Generally my morning routine gets my day off to a good start.  By good, I mean off on a positive footing with an affirmative perspective of the day ahead.

But there are mornings when just after I fold the newspaper closed on the comics, a feeling of gloom descends over me and a strong impulse to return to the comforting warmth of my recently vacated bed overwhelms me almost to tears.

Until recently when ever these dark feelings would visit my attitude was to soldier on and I’d give myself the marching orders of; just do it!  Breath and move on, on to the next task.  While not very sensitive or particularly consoling or comforting, moving on to the next task was effective.

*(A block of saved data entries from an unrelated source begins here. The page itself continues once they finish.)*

lemma neumann_series_converges:
  assumes g: "square_integrable M g"
  obtains h where "square_integrable M h"
    and "(\<lambda>n. L2_norm M (\<lambda>t. h t - neumann_partial_sum g n t)) \<longlonglongrightarrow> 0"
proof -
  let ?c = neumann_shift
  define u where "u j = (\<lambda>t. (contraction ^^ j) g t / (1 + ?c) ^ (j + 1))" for j
  define q where "q = ?c / (1 + ?c)"
  have q: "0 \<le> q" "q < 1"
    using neumann_shift_nonneg by (auto simp: q_def)
  have u: "square_integrable M (u j)" for j
    unfolding u_def by (intro square_integrable_divide square_integrable_contraction_power g)
  have u_le: "L2_norm M (u j) \<le> L2_norm M g / (1 + ?c) * q ^ j" for j
  proof -
    have "L2_norm M (u j) \<le> ?c ^ j * L2_norm M g / (1 + ?c) ^ (j + 1)"
      unfolding u_def L2_norm_divide using neumann_shift_nonneg
      by (simp add: divide_right_mono L2_norm_contraction_power_le[OF g])
    also have "\<dots> = L2_norm M g / (1 + ?c) * q ^ j"
      by (simp add: q_def power_divide field_simps)
    finally show ?thesis .
  qed
  have "summable (\<lambda>j. L2_norm M (u j))"
    by (rule summable_comparison_test[where g="\<lambda>j. L2_norm M g / (1 + ?c) * q ^ j"])
      (use q u_le in \<open>auto intro!: summable_mult summable_geometric simp: L2_norm_nonneg\<close>)
  from L2_convergent_series[OF u this] show ?thesis
    by (intro that[of "\<lambda>t. \<Sum>j. u j t"]) (simp_all add: neumann_partial_sum_def u_def)
qed
lemma index_three_decomposition:
  assumes H: "subgroup H G" and K: "subgroup K G" "finite K" "H \<subseteq> K"
    and card: "card K = 3 * card H"
    and y: "y \<in> K" "y \<notin> H" "y [^] (2::nat) \<notin> H"
  shows "bij_betw (\<lambda>(j::nat, h). y [^] j \<otimes> h) ({..<3} \<times> H) K"
proof -
  let ?f = "\<lambda>(j::nat, h). y [^] j \<otimes> h"
  have yG: "y \<in> carrier G" using subgroup.mem_carrier[OF K(1) y(1)] .
  have inj: "inj_on ?f ({..<3} \<times> H)"
  proof (rule inj_onI)
    fix u v assume u: "u \<in> {..<3} \<times> H" and v: "v \<in> {..<3} \<times> H" and eq: "?f u = ?f v"
    obtain j h j' h' where "u = (j, h)" "v = (j', h')" by force
    then show "u = v" using index_three_coset_eq[OF H yG y(2,3), of j j' h h'] u v eq by simp
  qed
  moreover have "?f ` ({..<3} \<times> H) = K"
  proof (rule card_subset_eq)
    show "finite K" by (fact K(2))
    show "?f ` ({..<3} \<times> H) \<subseteq> K"
    proof
      fix g assume "g \<in> ?f ` ({..<3} \<times> H)"
      then obtain j :: nat and h where "h \<in> H" "g = y [^] j \<otimes> h" by auto
      then show "g \<in> K"
        using subgroup.m_closed[OF K(1) subgroup_nat_pow_closed[OF K(1) y(1)]] K(3) by auto
    qed
    show "card (?f ` ({..<3} \<times> H)) = card K"
      using card_image[OF inj] card by (simp add: card_cartesian_product)
  qed
  ultimately show ?thesis by (simp add: bij_betw_def)
qed

lemma cube_mem_of_index_three:
  assumes H: "subgroup H G" and K: "subgroup K G"
    and dec: "bij_betw (\<lambda>(j::nat, h). y [^] j \<otimes> h) ({..<3} \<times> H) K"
    and y: "y \<in> K" "y \<notin> H" "y [^] (2::nat) \<notin> H"
  shows "y [^] (3::nat) \<in> H"
proof -
  have yG: "y \<in> carrier G" using subgroup.mem_carrier[OF K y(1)] .
  have "y [^] (3::nat) \<in> K" using subgroup_nat_pow_closed[OF K y(1)] .
  then obtain j :: nat and h where jh: "j < 3" "h \<in> H" "y [^] (3::nat) = y [^] j \<otimes> h"
    using dec unfolding bij_betw_def by auto
  have hG: "h \<in> carrier G" using subgroup.mem_carrier[OF H jh(2)] .
  have "y [^] j \<otimes> y [^] (3 - j) = y [^] j \<otimes> h"
    using jh(1,3) yG by (simp add: nat_pow_mult)
  then have "y [^] (3 - j) = h" using yG hG by simp
  moreover have "3 - j = 3 \<or> 3 - j = 2 \<or> 3 - j = 1" using jh(1) by auto
  ultimately show ?thesis using jh(2) y(2,3) yG by auto
qed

But one recent Sunday morning when I experienced an attack of melancholy while going about my morning routine, this has been a regular occurrence around the kitchen sink, some weird association maybe, I’m not really sure, any how, a sudden onset of sadness gripped me.  In the past I’ve just told myself to keep moving.  Advice from the movie “Sleepless in Seattle” when Tom Hanks character answers the radio talk show hosts question, “how are you dealing with your wife’s death?”  He answered, “I keep breathing in and out and putting one foot in front of the other.”  So I’ve been telling myself to keep going, move onto the next task.  But this Sunday I had a realization about why it works!

Feelings are the outcome of a chosen thought.  It’s the thought that generates the feeling.   I wasn’t consciously aware of the actual thought but the feeling of sadness is a big clue that the thought couldn’t have been very supportive or affirming.

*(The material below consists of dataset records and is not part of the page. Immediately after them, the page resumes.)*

lemma bag_bounds:
  assumes "v < nverts a"
  shows "bag a v \<in> {1..length a}" "v \<in> bag_verts a (bag a v)"
proof -
  have ex: "v < bag_start a (length a)" using assms by (simp add: bag_start_length)
  have less: "v < bag_start a (bag a v)"
    unfolding bag_def bag_start_def[symmetric] by (rule LeastI[of _ "length a"]) (use ex in auto)
  have le: "bag a v \<le> length a"
    unfolding bag_def bag_start_def[symmetric] by (rule Least_le) (use ex in auto)
  have pos: "1 \<le> bag a v" using less by (cases "bag a v") (auto simp: bag_start_def)
  have "bag_start a (bag a v - 1) \<le> v"
  proof (rule ccontr)
    assume "\<not> bag_start a (bag a v - 1) \<le> v"
    hence "bag a v \<le> bag a v - 1"
      unfolding bag_def bag_start_def[symmetric] by (intro Least_le) simp
    thus False using pos by simp
  qed
  thus "bag a v \<in> {1..length a}" "v \<in> bag_verts a (bag a v)"
    using less le pos by (auto simp: bag_verts_def)
qed

lemma bag_eqI:
  assumes "i \<in> {1..length a}" "v \<in> bag_verts a i"
  shows "bag a v = i"
  unfolding bag_def bag_start_def[symmetric]
proof (rule Least_equality)
  show "v < bag_start a i" using assms by (simp add: bag_verts_def)
  show "i \<le> j" if "v < bag_start a j" for j
  proof (rule ccontr)
    assume "\<not> i \<le> j"
    hence "bag_start a j \<le> bag_start a (i - 1)" by (intro bag_start_mono) simp
    thus False using assms that by (simp add: bag_verts_def)
  qed
qed

lemma sum_by_bags: "(\<Sum>v<nverts a. f v) = (\<Sum>i\<in>{1..length a}. \<Sum>v\<in>bag_verts a i. f v)"
proof -
  have "(\<Sum>v<bag_start a k. f v) = (\<Sum>i\<in>{1..k}. \<Sum>v\<in>bag_verts a i. f v)" for k
  proof (induction k)
    case (Suc k)
    have "bag_start a k \<le> bag_start a (Suc k)" by (rule bag_start_mono) simp
    hence "(\<Sum>v<bag_start a (Suc k). f v)
        = (\<Sum>v\<in>{0..<bag_start a k}. f v) + (\<Sum>v\<in>bag_verts a (Suc k). f v)"
      by (simp add: bag_verts_def sum.atLeastLessThan_concat flip: atLeast0LessThan)
    then show ?case using Suc by (simp add: atLeast0LessThan)
  qed (simp add: bag_start_def)
  from this[of "length a"] show ?thesis by (simp add: bag_start_length)
qed

lemma sum_by_bags_weighted:
  fixes g f :: "nat \<Rightarrow> 'b :: semiring_0"
  shows "(\<Sum>v<nverts a. g (bag a v) * f v) = (\<Sum>i\<in>{1..length a}. g i * (\<Sum>v\<in>bag_verts a i. f v))"
proof -
  have "(\<Sum>v\<in>bag_verts a i. g (bag a v) * f v) = g i * (\<Sum>v\<in>bag_verts a i. f v)"
    if "i \<in> {1..length a}" for i
    using that by (simp add: bag_eqI sum_distrib_left)
  then show ?thesis unfolding sum_by_bags by (rule sum.cong[OF refl])
qed
(* If the raised path X' is negative at t0 while X stays nonnegative up to t0 + \<delta>/2, then
   X t0 < (c - p) h. A claim in (t0, t0 + \<delta>/2] would exceed this bound, so there is none; then
   the rate at t0 is below p + 2 (c - p) h / \<delta>, and the claims paid before t0 add up to a value
   in (x - (c - p) h (1 + 2 h / \<delta>), x], which the hypothesis gap excludes. *)
lemma raised_risk_path_neg_imp_neg:
  fixes x p c :: real and r :: "real \<Rightarrow> real" and N :: "real \<Rightarrow> nat" and u :: "nat \<Rightarrow> real"
  defines "X \<equiv> risk_path x p N u r" and "X' \<equiv> risk_path x p N u (\<lambda>s. max (r s) c)"
  assumes mono: "mono_on {0..} r" and ge: "\<And>t. 0 \<le> t \<Longrightarrow> p \<le> r t" and "p < c"
    and N_mono: "\<And>s t. 0 \<le> s \<Longrightarrow> s \<le> t \<Longrightarrow> t \<le> h \<Longrightarrow> N s \<le> N t"
    and N_le: "\<And>t. 0 \<le> t \<Longrightarrow> t \<le> h \<Longrightarrow> N t \<le> n"
    and large: "\<And>i. i < n \<Longrightarrow> (c - p) * h \<le> u i"
    and gap: "\<And>k. 1 \<le> k \<Longrightarrow> k \<le> n \<Longrightarrow>
                \<not> (x - (c - p) * h * (1 + 2 * h / \<delta>) < (\<Sum>i<k. u i) \<and> (\<Sum>i<k. u i) \<le> x)"
    and x: "(c - p) * h * (1 + 2 * h / \<delta>) \<le> x"
    and "0 < \<delta>" "0 \<le> t0" "t0 + \<delta> / 2 \<le> h" and neg: "X' t0 < 0"
  shows "\<exists>t\<in>{0..t0 + \<delta> / 2}. X t < 0"
proof (rule ccontr)
  define t1 where "t1 = t0 + \<delta> / 2"
  define \<eta> where "\<eta> = (c - p) * h"
  assume "\<not> ?thesis"
  then have nonneg: "0 \<le> X t" if "0 \<le> t" "t \<le> t1" for t
    using that by (auto simp: t1_def not_less)
  have "0 \<le> t1" "t0 \<le> t1" "t0 \<le> h" "t1 \<le> h" "0 \<le> \<eta>"
    using \<open>0 < \<delta>\<close> \<open>0 \<le> t0\<close> \<open>t0 + \<delta> / 2 \<le> h\<close> \<open>p < c\<close> by (auto simp: t1_def \<eta>_def)
  have mono_on_interval: "mono_on {0..b} r" for b
    using mono_on_subset[OF mono] by auto
  have "X t0 \<le> X' t0 + (c - p) * t0"
    unfolding X_def X'_def using ge \<open>p < c\<close> \<open>0 \<le> t0\<close> by (intro risk_path_le_raised mono_on_interval) auto
  also have "(c - p) * t0 \<le> \<eta>" using \<open>p < c\<close> \<open>t0 \<le> h\<close> by (simp add: \<eta>_def)
  finally have X_t0: "X t0 < \<eta>" using neg by simp
  have "N t0 \<le> N t1" "N t1 \<le> n" using N_mono N_le \<open>0 \<le> t0\<close> \<open>t0 \<le> t1\<close> \<open>t1 \<le> h\<close> by auto
  have X_t1: "X t1 \<le> X t0 - (\<Sum>i\<in>{N t0..<N t1}. u i) - (\<delta> / 2) * (r t0 - p)"
    unfolding X_def using risk_path_increment_le[OF mono_on_interval \<open>0 \<le> t0\<close> \<open>t0 \<le> t1\<close> \<open>N t0 \<le> N t1\<close>]
    by (simp add: t1_def)
  have "0 \<le> (\<delta> / 2) * (r t0 - p)" using ge \<open>0 \<le> t0\<close> \<open>0 < \<delta>\<close> by simp
  show False
  proof (cases "N t0 < N t1")
    case True
    then have "\<eta> \<le> u (N t0)" using large \<open>N t1 \<le> n\<close> by (simp add: \<eta>_def)
    also have "u (N t0) \<le> (\<Sum>i\<in>{N t0..<N t1}. u i)"
      using True large \<open>N t1 \<le> n\<close> \<open>0 \<le> \<eta>\<close> by (intro member_le_sum) (auto simp: \<eta>_def intro: order_trans)
    finally have "X t1 < 0" using X_t1 X_t0 \<open>0 \<le> (\<delta> / 2) * (r t0 - p)\<close> by linarith
    then show False using nonneg \<open>0 \<le> t1\<close> by force
  next
    case False
    then have "(\<delta> / 2) * (r t0 - p) < \<eta>"
      using X_t1 X_t0 nonneg[OF \<open>0 \<le> t1\<close>] \<open>N t0 \<le> N t1\<close> by simp
    then have "x - \<eta> * (1 + 2 * h / \<delta>) < (\<Sum>i<N t0. u i)" "(\<Sum>i<N t0. u i) \<le> x"
      using risk_path_claim_sum_window[OF mono_on_interval ge[of 0] \<open>0 \<le> t0\<close> \<open>t0 \<le> h\<close> \<open>0 < \<delta>\<close>]
        nonneg[OF \<open>0 \<le> t0\<close> \<open>t0 \<le> t1\<close>] X_t0 by (simp_all add: X_def)
    then show False
      using gap[of "N t0"] x \<open>N t0 \<le> N t1\<close> \<open>N t1 \<le> n\<close> by (cases "N t0 = 0") (auto simp: \<eta>_def mult.assoc)
  qed
qed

Change the thoughts, change the feeling.  It was a good start to “keep moving” but better to consciously choose to focus my thoughts on something else.

“Keep moving” is effectively moving meditation, as it shifted my thoughts to focus on what I was doing, drawing my attention and focus to the task, with the results being a change in the way I was feeling.

The feeling changed because of the change in my focus.  That change in focus is what pulled me out of melancholy.

Awareness is the opportunity to choose differently.  Now when the feeling of sadness descends, I remember this lesson learned and taking a page out of my own book, use moving mediation to bring myself into the present and integrate; mind, body and spirit, restoring sanity to live the way we’re meant to live, happily.

Bottom line:  Change your thinking and you’ll change the way you feel!